Награжден тремя орденами, в том числе орденом Польской Народной Республики Виртути Милитари, и многими медалями.

Член КПСС с 1935 года.

В настоящее время персональный пенсионер республиканского значения. Живет в Бресте.

В то утро по Московской улице из Бреста устремились толпы людей. Они тревожно оглядывались на трепещущее зарево пожаров в районе крепости, прислушивались к грохоту канонады и шли, шли… Военные и гражданские, автомашины и телеги – все смешалось.
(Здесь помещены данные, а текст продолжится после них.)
theorem mainTheorem2:
  fixes n :: nat and u :: real
  assumes "n \<ge> 1" and "u > 1"
  shows "W n u = (u - 1) powr ((real n + 1) / 2) * inverse u
                 * poly (tanP n) ((u - 1) powr (-1/2))
       \<and> Wl n u = (u - 1) powr (real n / 2) * poly (secQ n) ((u - 1) powr (-1/2))"
proof -
  define s where "s = sqrt (u - 1)"
  have s: "s > 0" and u: "u = 1 + s\<^sup>2"
    using assms(2) by (simp_all add: s_def)
  have powr_s: "(u - 1) powr (real N / 2) = s ^ N" for N
    using assms(2) by (simp add: s_def powr_half_eq_sqrt_power)
  have inv_s: "(u - 1) powr (-1/2) = inverse s"
    using powr_minus_half_eq_inverse_sqrt[of "u - 1"] assms(2) by (simp add: s_def)
  have "u * W n u = s ^ Suc n * poly (tanP n) (inverse s)"
    using poly_peak_poly_inverse[OF s, of 2 n] assms(1)
    by (simp add: W_def pk_eq_card_peaks tanP_eq_peak_poly u)
  then have "W n u = s ^ Suc n * inverse u * poly (tanP n) (inverse s)"
    using assms(2) by (simp add: field_simps)
  moreover have "Wl n u = s ^ n * poly (secQ n) (inverse s)"
    using poly_peak_poly_inverse[OF s, of 1 n] assms(1)
    by (simp add: Wl_def perms_def lpk_eq_card_peaks secQ_eq_peak_poly u)
  ultimately show ?thesis
    using powr_s[of n] powr_s[of "Suc n"] inv_s by (simp add: add.commute)
qed

end
(* Let $n\ge 1$ and sample coupons $G_1,\dots,G_n$ independently with replacement, each sampling drawing each coupon with probability $1/n$. Let $A$ be a positive integer with $A\le n$, and let integers $k_1,\dots,k_A$ and $m_1,\dots,m_A$ satisfy $1\le k_1<\dots<k_A\le n$ and $\infty=m_0>m_1>\dots>m_A>m_{A+1}=0$; set $k_{A+1}=n$. Let $U(\mathbf{m},\mathbf{k})$ be the number of samplings needed until, for every $j=1,\dots,A$, the number of distinct coupons of which at least $m_j$ copies have been collected is at least $k_j$. For $k=k_1,k_1+1,\dots,n$ let $\phi_{0,k}(x)=\bigl[(S_{m_0}(x)-S_{m_1}(x))e^{-x}\bigr]^k$, and for $j=1,\dots,A$ and $k=k_{j+1},k_{j+1}+1,\dots,n$ let \[ \phi_{j,k}(x)=\sum_{w=k_j}^{k}\binom{k}{w}\bigl[(S_{m_j}(x)-S_{m_{j+1}}(x))e^{-x}\bigr]^{k-w}\phi_{j-1,w}(x). \] Then $E[U(\mathbf{m},\mathbf{k})]=n\int_0^\infty\bigl(1-\phi_{A,n}(x)\bigr)dx$.
   Context: For an integer $m\ge1$, $S_m(x)=\sum_{j=0}^{m-1}\frac{x^j}{j!}$; $S_m(x)=0$ for $m\le 0$; and $S_\infty(x)=e^x$ (so $S_{m_0}(x)=e^x$). *)

theory Defs
  imports "HOL-Probability.Probability"
begin

fun S :: "enat \<Rightarrow> real \<Rightarrow> real" where
  "S (enat m) x = (\<Sum>j<m. x ^ j / fact j)"
| "S \<infinity> x = exp x"

text \<open>phi m k j kk x = \<phi>_{j,kk}(x) from the paper (m indexed 0..A+1, k indexed 1..A+1).\<close>
fun phi :: "(nat \<Rightarrow> enat) \<Rightarrow> (nat \<Rightarrow> nat) \<Rightarrow> nat \<Rightarrow> nat \<Rightarrow> real \<Rightarrow> real" where
  "phi m k 0 kk x = ((S (m 0) x - S (m 1) x) * exp (- x)) ^ kk"
| "phi m k (Suc j) kk x =
     (\<Sum>w = k (Suc j)..kk. real (kk choose w)
        * ((S (m (Suc j)) x - S (m (Suc (Suc j))) x) * exp (- x)) ^ (kk - w)
        * phi m k j w x)"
Этот поток подхватил и меня, как только я выскочил из конторы райзага, где догорали служебные документы.

Фашистский стервятник безнаказанно кружил низко над дорогой и из пулемета расстреливал беззащитных людей.
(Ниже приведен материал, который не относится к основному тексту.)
(* Let $T:L_2[a,b]^p\to L_2[a,b]^q$ be a bounded integral operator with continuous kernel function, let $\hat T$ be an estimator of $T$ which is a.s. an integral operator with continuous kernel (with adjoint $\hat T^*$), let $(\alpha_n)$ be positive reals, and suppose that $(\varphi,T)$ ranges over the source class $\mathcal F=\mathcal F(t,\beta,C)$. If $\mathbb E\|\hat T^*-T^*\|_{2,\infty}^2$ is bounded uniformly over $\mathcal F$, then for all $n$ and all $(\varphi,T)\in\mathcal F$, $$\mathbb E\left\|\left[(\alpha_nI+\hat T^*\hat T)^{-1}\hat T^*\hat T-(\alpha_nI+T^*T)^{-1}T^*T\right]\varphi\right\|_\infty=O\left(\sqrt{\alpha_n^{-1}\mathbb E\|\hat T^*-T^*\|^2_{2,\infty}}\right).$$
   Context: $\|\cdot\|$: $L_2$ norm; $\|\cdot\|_\infty$: sup norm; $\|A\|_{2,\infty}=\sup_{\|\psi\|\le1}\|A\psi\|_\infty$ for operators from $L_2$ into continuous functions. Hölder class $C^t_M[a,b]^p$ ($t\ge0$): continuous $g$ with $\|g^{(k)}\|_\infty\le M$ for $|k|\le\lfloor t\rfloor$ and $|g^{(k)}(z)-g^{(k)}(z')|\le M\|z-z'\|^{t-\lfloor t\rfloor}$ for $|k|=\lfloor t\rfloor$. Source class $\mathcal F(t,\beta,C)$ ($\beta,C>0$): pairs $(\varphi,T)$ with $\varphi\in C^t_M[a,b]^p$, $T^*$ bounded from $L_2[a,b]^q$ into continuous functions, $\varphi=(T^*T)^\beta T^*\psi$ for some $\psi\in L_2[a,b]^q$, and $\|T^*\|_{2,\infty}\vee\|\psi\|\vee\|T\|^{-1}\le C$. The $O(\cdot)$ constant does not depend on $n$ or on $(\varphi,T)\in\mathcal F$. *)

theory Defs
  imports "HOL-Analysis.Analysis" "HOL-Probability.Probability_Measure"
begin

definition cube :: "real \<Rightarrow> real \<Rightarrow> (real^'n) set" where
  "cube a b = {x. \<forall>i. a \<le> x $ i \<and> x $ i \<le> b}"

definition sqint :: "'a::euclidean_space set \<Rightarrow> ('a \<Rightarrow> real) \<Rightarrow> bool" where
  "sqint S f \<longleftrightarrow> f \<in> borel_measurable (lebesgue_on S) \<and>
                  integrable (lebesgue_on S) (\<lambda>x. (f x)^2)"

definition ip :: "'a::euclidean_space set \<Rightarrow> ('a \<Rightarrow> real) \<Rightarrow> ('a \<Rightarrow> real) \<Rightarrow> real" where
  "ip S f g = (\<integral>x. f x * g x \<partial>lebesgue_on S)"

definition L2norm :: "'a::euclidean_space set \<Rightarrow> ('a \<Rightarrow> real) \<Rightarrow> real" where
  "L2norm S f = sqrt (\<integral>x. (f x)^2 \<partial>lebesgue_on S)"

definition L2_sums :: "'a::euclidean_space set \<Rightarrow> (nat \<Rightarrow> real) \<Rightarrow> (nat \<Rightarrow> 'a \<Rightarrow> real)
    \<Rightarrow> ('a \<Rightarrow> real) \<Rightarrow> bool" where
  "L2_sums S c e h \<longleftrightarrow> (\<lambda>N. L2norm S (\<lambda>x. h x - (\<Sum>j<N. c j * e j x))) \<longlonglongrightarrow> 0"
Вместе с женой с трудом добрались до родного села. Там жена с четырехлетней дочкой остались, а я, стиснув зубы, ушел на восток.
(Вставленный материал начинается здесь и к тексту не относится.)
(* Let $B$ be a commutative ring with identity and $A$ a subring of $B$ containing the identity such that for any two distinct maximal ideals $M, M'$ of $B$, $(M\cap A)+(M'\cap A)=A$. Then for any two distinct maximal ideals $M\neq M'$ of $B$, $M\cap A$ and $M'\cap A$ are non-comparable, and $A$ is a weak completely normal subring of $B$.
   Context: $\operatorname{spec} A$ is the set of prime ideals of $A$ with the Zariski topology. A subring $A$ of $B$ is a weak completely normal subring of $B$ if for any two distinct maximal ideals $M\neq M'$ of $B$ such that $M\cap A$ and $M'\cap A$ are non-comparable, $\operatorname{cl}_{\operatorname{spec} A}\{M\cap A\}\cap \operatorname{cl}_{\operatorname{spec} A}\{M'\cap A\}=\emptyset$. *)

theory Defs
  imports "HOL-Algebra.Algebra"
begin

definition Spec :: "('a, 'b) ring_scheme \<Rightarrow> 'a set set" where
  "Spec R = {P. primeideal P R}"

definition zariski_closed :: "('a, 'b) ring_scheme \<Rightarrow> 'a set set \<Rightarrow> bool" where
  "zariski_closed R S \<longleftrightarrow> (\<exists>I. I \<subseteq> carrier R \<and> S = {P \<in> Spec R. I \<subseteq> P})"

definition zariski_closure :: "('a, 'b) ring_scheme \<Rightarrow> 'a set set \<Rightarrow> 'a set set" where
  "zariski_closure R T = \<Inter> {S. zariski_closed R S \<and> T \<subseteq> S}"

definition non_comparable :: "'a set \<Rightarrow> 'a set \<Rightarrow> bool" where
  "non_comparable P Q \<longleftrightarrow> \<not> P \<subseteq> Q \<and> \<not> Q \<subseteq> P"

definition weak_completely_normal_subring :: "'a set \<Rightarrow> ('a, 'b) ring_scheme \<Rightarrow> bool" where
  "weak_completely_normal_subring A B \<longleftrightarrow>
     (\<forall>M M'. maximalideal M B \<and> maximalideal M' B \<and> M \<noteq> M' \<and> non_comparable (M \<inter> A) (M' \<inter> A)
        \<longrightarrow> zariski_closure (B\<lparr>carrier := A\<rparr>) {M \<inter> A} \<inter> zariski_closure (B\<lparr>carrier := A\<rparr>) {M' \<inter> A} = {})"

end

theory Submission
  imports Defs
begin

text \<open>Contracting the maximal ideals of B to A gives prime ideals of A, and for distinct M, M'
  the contractions are comaximal, so no proper ideal of A, in particular no prime of A, contains
  both. Taking that prime to be one of the two contractions gives non-comparability; taking it
  to be a common point of the closures V(M \<inter> A) and V(M' \<inter> A) gives disjointness.\<close>

lemma ideal_contains_comaximal_imp_carrier:
  assumes "ideal K R" and "I \<subseteq> K" and "J \<subseteq> K" and "I <+>\<^bsub>R\<^esub> J = carrier R"
  shows "K = carrier R"
proof -
  have "I <+>\<^bsub>R\<^esub> J \<subseteq> K"
    using assms(2,3) additive_subgroup.a_closed[OF ideal.axioms(1)[OF assms(1)]]
    by (auto simp: set_add_def')
  then show ?thesis
    using assms(4) ideal.Icarr[OF assms(1)] by blast
qed

lemma (in cring) primeideal_inter_subring:
  assumes "subring A R" and "primeideal P R"
  shows "primeideal (P \<inter> A) (R\<lparr>carrier := A\<rparr>)"
proof -
  have A_sub: "A \<subseteq> carrier R"
    using subringE(1)[OF assms(1)] .
  have cring_A: "cring (R\<lparr>carrier := A\<rparr>)"
    using subcring_iff[OF A_sub] subcringI'[OF assms(1)] by simp
  have "id \<in> ring_hom (R\<lparr>carrier := A\<rparr>) R"
    by (rule ring_hom_memI) (use A_sub in auto)
  then have "ring_hom_ring (R\<lparr>carrier := A\<rparr>) R id"
    using cring_A ring_axioms unfolding ring_hom_ring_def ring_hom_ring_axioms_def cring_def by simp
  from ring_hom_ring.primeideal_vimage[OF this cring_A assms(2)]
  show ?thesis
    by (simp add: Int_def conj_commute)
qed

lemma zariski_closure_singleton:
  assumes "P \<in> Spec R"
  shows "zariski_closure R {P} = {Q \<in> Spec R. P \<subseteq> Q}"
proof
  have "P \<subseteq> carrier R"
    using assms additive_subgroup.a_subset ideal.axioms(1) primeideal.axioms(1)
    unfolding Spec_def by blast
  then have "zariski_closed R {Q \<in> Spec R. P \<subseteq> Q}"
    unfolding zariski_closed_def by (intro exI[of _ P]) simp
  then show "zariski_closure R {P} \<subseteq> {Q \<in> Spec R. P \<subseteq> Q}"
    using assms unfolding zariski_closure_def by (intro Inter_lower) simp
next
  show "{Q \<in> Spec R. P \<subseteq> Q} \<subseteq> zariski_closure R {P}"
    unfolding zariski_closure_def
  proof (intro subsetI InterI)
    fix Q S
    assume Q: "Q \<in> {Q \<in> Spec R. P \<subseteq> Q}" and "S \<in> {S. zariski_closed R S \<and> {P} \<subseteq> S}"
    then obtain I where "S = {Q \<in> Spec R. I \<subseteq> Q}" and "P \<in> S"
      unfolding zariski_closed_def by auto
    with Q show "Q \<in> S" by auto
  qed
qed

theorem lemma4p4:
  fixes B (structure) and A :: "'a set"
  assumes "cring B"
    and "subring A B"
    and "\<And>M M'. \<lbrakk>maximalideal M B; maximalideal M' B; M \<noteq> M'\<rbrakk> \<Longrightarrow>
           (M \<inter> A) <+>\<^bsub>B\<lparr>carrier := A\<rparr>\<^esub> (M' \<inter> A) = A"
  shows "(\<forall>M M'. maximalideal M B \<and> maximalideal M' B \<and> M \<noteq> M' \<longrightarrow> non_comparable (M \<inter> A) (M' \<inter> A))
         \<and> weak_completely_normal_subring A B"
proof -
  interpret cring B by fact
  let ?A = "B\<lparr>carrier := A\<rparr>"
  have contraction_prime: "primeideal (M \<inter> A) ?A" if "maximalideal M B" for M
    using primeideal_inter_subring[OF assms(2) maximalideal_prime[OF that]] .
  have no_common_prime: False
    if "maximalideal M B" "maximalideal M' B" "M \<noteq> M'"
      and "primeideal P ?A" "M \<inter> A \<subseteq> P" "M' \<inter> A \<subseteq> P" for M M' P
  proof -
    have "P = A"
      using ideal_contains_comaximal_imp_carrier[OF primeideal.axioms(1)[OF that(4)] that(5,6)]
        assms(3)[OF that(1-3)]
      by simp
    then show False
      using primeideal.I_notcarr[OF that(4)] by simp
  qed
  have "non_comparable (M \<inter> A) (M' \<inter> A)"
    if "maximalideal M B" "maximalideal M' B" "M \<noteq> M'" for M M'
    unfolding non_comparable_def
    using no_common_prime[OF that contraction_prime[OF that(1)]]
      no_common_prime[OF that contraction_prime[OF that(2)]] by blast
  moreover have "weak_completely_normal_subring A B"
    unfolding weak_completely_normal_subring_def
  proof (intro allI impI equals0I)
    fix M M' P
    assume MM': "maximalideal M B \<and> maximalideal M' B \<and> M \<noteq> M' \<and> non_comparable (M \<inter> A) (M' \<inter> A)"
      and "P \<in> zariski_closure ?A {M \<inter> A} \<inter> zariski_closure ?A {M' \<inter> A}"
    then have "primeideal P ?A" "M \<inter> A \<subseteq> P" "M' \<inter> A \<subseteq> P"
      using zariski_closure_singleton contraction_prime by (auto simp: Spec_def)
    then show False
      using no_common_prime MM' by blast
  qed
  ultimately show ?thesis by blast
qed

end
С боями и тяжелым сердцем все дальше уходил от родных мест. Под Вязьмой был ранен. Подобрали наши санитары. После неудачной попытки вывезти раненых нас оставили на квартирах колхозников. Тут меня схватили фашисты.

Попал в наскоро организованный фашистами лагерь неподалеку от Вязьмы. Рана заживала, но здоровья не прибавлялось. Одно из двух – или с риском для жизни бежать, или медленно умереть. Предпочел первое. Но за эти дни много потерял крови, ослаб настолько, что нечего было и думать пробираться через линию фронта. И я поплелся к Бресту. Шел сожженными селами и городами, видел зверства фашистов, страдания советских людей.

«А как мои, живы ли?» – тревожно билось сердце. Желание увидеть их, узнать, что творится на родине, поддерживало меня в полуторамесячных скитаниях по лесам.

Был декабрь сорок первого, когда я пришел туда, где каждый поворот дороги, каждый кустик знаком. И все-таки как-то неожиданно увидел хатенки Шебрина. Вот и моя – стоит!

Словно и не было усталости, устремляюсь к дому.

– Коленька, родной, жив! – повисает на плече жена.

– Что ж ты плачешь? – говорю ей.

– Да я от радости.

– Ну успокойся… Дочка как, старики?

– Живы. Дочка, да где ты?

Женя во все глаза смотрела на меня, заросшего, полуоборванного. Видно, с трудом узнавала.

– Кто-нибудь из капэзебовцев есть? – спросил жену, когда та немножко успокоилась.

– Говорят, Солейко где-то здесь. А за тобой из полиции приходили, все допытывались, где ты. Будь осторожнее.

В ту же ночь я ушел из дому. «Солейко здесь, хорошо! – думал я. – Это испытанный боец. Двенадцать лет он провел в тюрьмах. Опытный подпольщик, его надо немедленно разыскать».

Неожиданно встретил Николая Андреевича Мирошника. Спросил его напрямик:

– Где Солейко? Помоги – наладить связь.

– Солейко знаю. Иди в Заболотье к Ивану Старосельцу.

– Как найти?

– На перекрестке стожок сена и поленница дров, дом по левую сторону. Спросишь: «Продаете дрова?» Ответят: «Продаю, одну повозку».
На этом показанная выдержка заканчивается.